Instructions to follow - Going through the data below, tally every line where the string "Delta" occurs, then give only the tally.
Source material section start
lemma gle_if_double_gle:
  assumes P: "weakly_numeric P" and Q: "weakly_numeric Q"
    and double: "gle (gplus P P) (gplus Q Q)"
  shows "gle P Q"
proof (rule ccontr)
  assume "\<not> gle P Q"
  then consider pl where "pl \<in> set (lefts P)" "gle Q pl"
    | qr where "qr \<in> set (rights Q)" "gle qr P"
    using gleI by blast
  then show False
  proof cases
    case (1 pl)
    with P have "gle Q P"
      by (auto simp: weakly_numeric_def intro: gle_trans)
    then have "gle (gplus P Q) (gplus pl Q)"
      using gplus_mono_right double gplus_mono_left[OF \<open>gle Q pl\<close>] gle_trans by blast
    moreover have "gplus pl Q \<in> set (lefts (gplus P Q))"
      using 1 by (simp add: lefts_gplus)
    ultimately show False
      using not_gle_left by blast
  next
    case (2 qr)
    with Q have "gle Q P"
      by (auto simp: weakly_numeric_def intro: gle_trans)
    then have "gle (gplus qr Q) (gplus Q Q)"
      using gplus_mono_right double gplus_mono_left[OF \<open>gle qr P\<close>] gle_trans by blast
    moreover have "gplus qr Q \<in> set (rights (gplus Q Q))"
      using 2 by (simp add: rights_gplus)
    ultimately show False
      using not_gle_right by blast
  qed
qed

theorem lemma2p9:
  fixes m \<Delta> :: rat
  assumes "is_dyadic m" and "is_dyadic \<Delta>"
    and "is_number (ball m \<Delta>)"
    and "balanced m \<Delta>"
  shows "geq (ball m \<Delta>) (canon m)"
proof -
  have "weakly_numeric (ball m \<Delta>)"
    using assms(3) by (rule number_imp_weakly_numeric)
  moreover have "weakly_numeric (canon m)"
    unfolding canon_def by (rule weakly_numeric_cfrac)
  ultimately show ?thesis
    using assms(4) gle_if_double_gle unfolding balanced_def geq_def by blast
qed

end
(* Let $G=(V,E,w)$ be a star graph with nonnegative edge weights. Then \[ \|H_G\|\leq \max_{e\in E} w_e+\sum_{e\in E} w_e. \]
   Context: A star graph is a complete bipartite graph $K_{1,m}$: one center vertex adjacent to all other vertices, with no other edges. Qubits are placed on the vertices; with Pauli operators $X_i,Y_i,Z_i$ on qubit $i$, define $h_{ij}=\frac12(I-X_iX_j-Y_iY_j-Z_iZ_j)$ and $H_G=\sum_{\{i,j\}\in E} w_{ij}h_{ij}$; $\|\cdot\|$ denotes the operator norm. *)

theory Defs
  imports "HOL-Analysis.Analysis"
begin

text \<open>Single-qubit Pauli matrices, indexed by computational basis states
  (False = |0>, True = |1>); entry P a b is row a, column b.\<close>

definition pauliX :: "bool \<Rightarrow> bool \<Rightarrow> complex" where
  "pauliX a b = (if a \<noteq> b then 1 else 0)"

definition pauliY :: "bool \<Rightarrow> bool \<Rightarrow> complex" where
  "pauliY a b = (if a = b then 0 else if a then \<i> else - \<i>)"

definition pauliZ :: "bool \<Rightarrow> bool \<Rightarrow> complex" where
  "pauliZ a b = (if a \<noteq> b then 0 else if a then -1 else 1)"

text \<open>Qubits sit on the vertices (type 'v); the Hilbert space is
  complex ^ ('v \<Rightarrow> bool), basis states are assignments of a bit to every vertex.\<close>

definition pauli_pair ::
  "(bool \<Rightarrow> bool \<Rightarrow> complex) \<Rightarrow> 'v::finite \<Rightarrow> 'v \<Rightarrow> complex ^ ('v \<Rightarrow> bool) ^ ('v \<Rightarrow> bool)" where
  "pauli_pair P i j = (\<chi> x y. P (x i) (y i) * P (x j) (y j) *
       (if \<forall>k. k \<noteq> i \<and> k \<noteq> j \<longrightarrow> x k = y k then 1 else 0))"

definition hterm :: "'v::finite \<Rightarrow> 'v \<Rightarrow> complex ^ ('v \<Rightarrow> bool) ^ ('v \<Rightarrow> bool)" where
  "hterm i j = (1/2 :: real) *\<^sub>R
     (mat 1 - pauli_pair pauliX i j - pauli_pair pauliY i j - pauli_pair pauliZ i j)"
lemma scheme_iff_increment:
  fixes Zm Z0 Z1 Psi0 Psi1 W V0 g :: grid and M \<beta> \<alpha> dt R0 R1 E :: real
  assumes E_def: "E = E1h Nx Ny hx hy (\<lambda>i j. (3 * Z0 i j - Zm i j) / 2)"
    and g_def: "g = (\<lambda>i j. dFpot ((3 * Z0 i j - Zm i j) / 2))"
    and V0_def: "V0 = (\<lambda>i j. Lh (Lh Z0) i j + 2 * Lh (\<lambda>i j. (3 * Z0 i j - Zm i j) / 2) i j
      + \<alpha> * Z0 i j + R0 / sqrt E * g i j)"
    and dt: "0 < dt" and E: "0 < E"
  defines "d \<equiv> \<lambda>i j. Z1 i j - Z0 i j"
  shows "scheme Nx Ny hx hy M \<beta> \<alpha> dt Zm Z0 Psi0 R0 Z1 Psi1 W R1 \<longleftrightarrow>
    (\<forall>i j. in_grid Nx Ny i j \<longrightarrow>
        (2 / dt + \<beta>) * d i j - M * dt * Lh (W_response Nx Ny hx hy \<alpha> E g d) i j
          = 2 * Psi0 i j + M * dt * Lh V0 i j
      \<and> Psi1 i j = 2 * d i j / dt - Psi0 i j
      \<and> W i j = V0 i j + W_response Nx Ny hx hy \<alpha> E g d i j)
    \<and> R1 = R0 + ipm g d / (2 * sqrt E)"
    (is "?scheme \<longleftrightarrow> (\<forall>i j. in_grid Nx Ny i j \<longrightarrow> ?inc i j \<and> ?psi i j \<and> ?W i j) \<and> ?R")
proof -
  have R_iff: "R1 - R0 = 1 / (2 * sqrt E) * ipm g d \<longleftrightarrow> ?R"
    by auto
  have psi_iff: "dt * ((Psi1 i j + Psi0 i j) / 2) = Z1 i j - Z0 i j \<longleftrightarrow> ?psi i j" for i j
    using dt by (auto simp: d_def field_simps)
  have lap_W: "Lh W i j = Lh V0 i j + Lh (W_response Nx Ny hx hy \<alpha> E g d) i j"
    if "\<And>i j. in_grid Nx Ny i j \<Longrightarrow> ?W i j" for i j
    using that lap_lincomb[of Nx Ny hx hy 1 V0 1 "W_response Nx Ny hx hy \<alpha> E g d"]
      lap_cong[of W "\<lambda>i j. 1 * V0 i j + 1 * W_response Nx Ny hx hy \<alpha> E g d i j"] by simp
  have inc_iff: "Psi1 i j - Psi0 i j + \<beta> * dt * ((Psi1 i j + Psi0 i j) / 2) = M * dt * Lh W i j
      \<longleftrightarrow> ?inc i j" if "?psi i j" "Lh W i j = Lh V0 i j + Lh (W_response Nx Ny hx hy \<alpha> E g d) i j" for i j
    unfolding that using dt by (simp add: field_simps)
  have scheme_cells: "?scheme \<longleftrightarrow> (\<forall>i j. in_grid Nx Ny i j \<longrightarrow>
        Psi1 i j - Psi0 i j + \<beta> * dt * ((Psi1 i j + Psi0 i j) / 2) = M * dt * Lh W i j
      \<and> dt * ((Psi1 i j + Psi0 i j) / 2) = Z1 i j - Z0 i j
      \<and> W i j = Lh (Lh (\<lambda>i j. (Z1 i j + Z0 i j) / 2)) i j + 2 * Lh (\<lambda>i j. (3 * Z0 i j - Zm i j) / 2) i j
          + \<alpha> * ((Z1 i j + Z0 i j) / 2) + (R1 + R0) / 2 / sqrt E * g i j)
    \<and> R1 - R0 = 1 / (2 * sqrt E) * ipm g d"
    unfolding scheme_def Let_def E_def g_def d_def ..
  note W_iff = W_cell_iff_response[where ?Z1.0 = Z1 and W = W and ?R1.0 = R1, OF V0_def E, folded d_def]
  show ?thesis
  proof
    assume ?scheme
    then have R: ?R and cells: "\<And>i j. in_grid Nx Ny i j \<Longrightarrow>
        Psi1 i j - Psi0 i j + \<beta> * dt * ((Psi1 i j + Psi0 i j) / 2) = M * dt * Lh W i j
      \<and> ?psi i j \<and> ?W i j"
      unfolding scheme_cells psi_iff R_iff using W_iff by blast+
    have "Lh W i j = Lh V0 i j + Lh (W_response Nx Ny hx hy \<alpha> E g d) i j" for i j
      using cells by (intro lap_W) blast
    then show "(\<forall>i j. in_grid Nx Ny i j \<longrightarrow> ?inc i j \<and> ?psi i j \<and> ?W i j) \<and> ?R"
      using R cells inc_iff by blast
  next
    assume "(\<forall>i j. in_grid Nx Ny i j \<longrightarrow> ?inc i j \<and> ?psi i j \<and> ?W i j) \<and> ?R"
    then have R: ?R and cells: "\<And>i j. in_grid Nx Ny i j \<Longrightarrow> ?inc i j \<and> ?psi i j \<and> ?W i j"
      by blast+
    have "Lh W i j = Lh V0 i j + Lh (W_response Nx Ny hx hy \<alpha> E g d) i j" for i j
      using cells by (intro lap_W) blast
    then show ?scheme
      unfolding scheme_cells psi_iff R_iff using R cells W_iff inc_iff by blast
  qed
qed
Source material section end
Reply - 6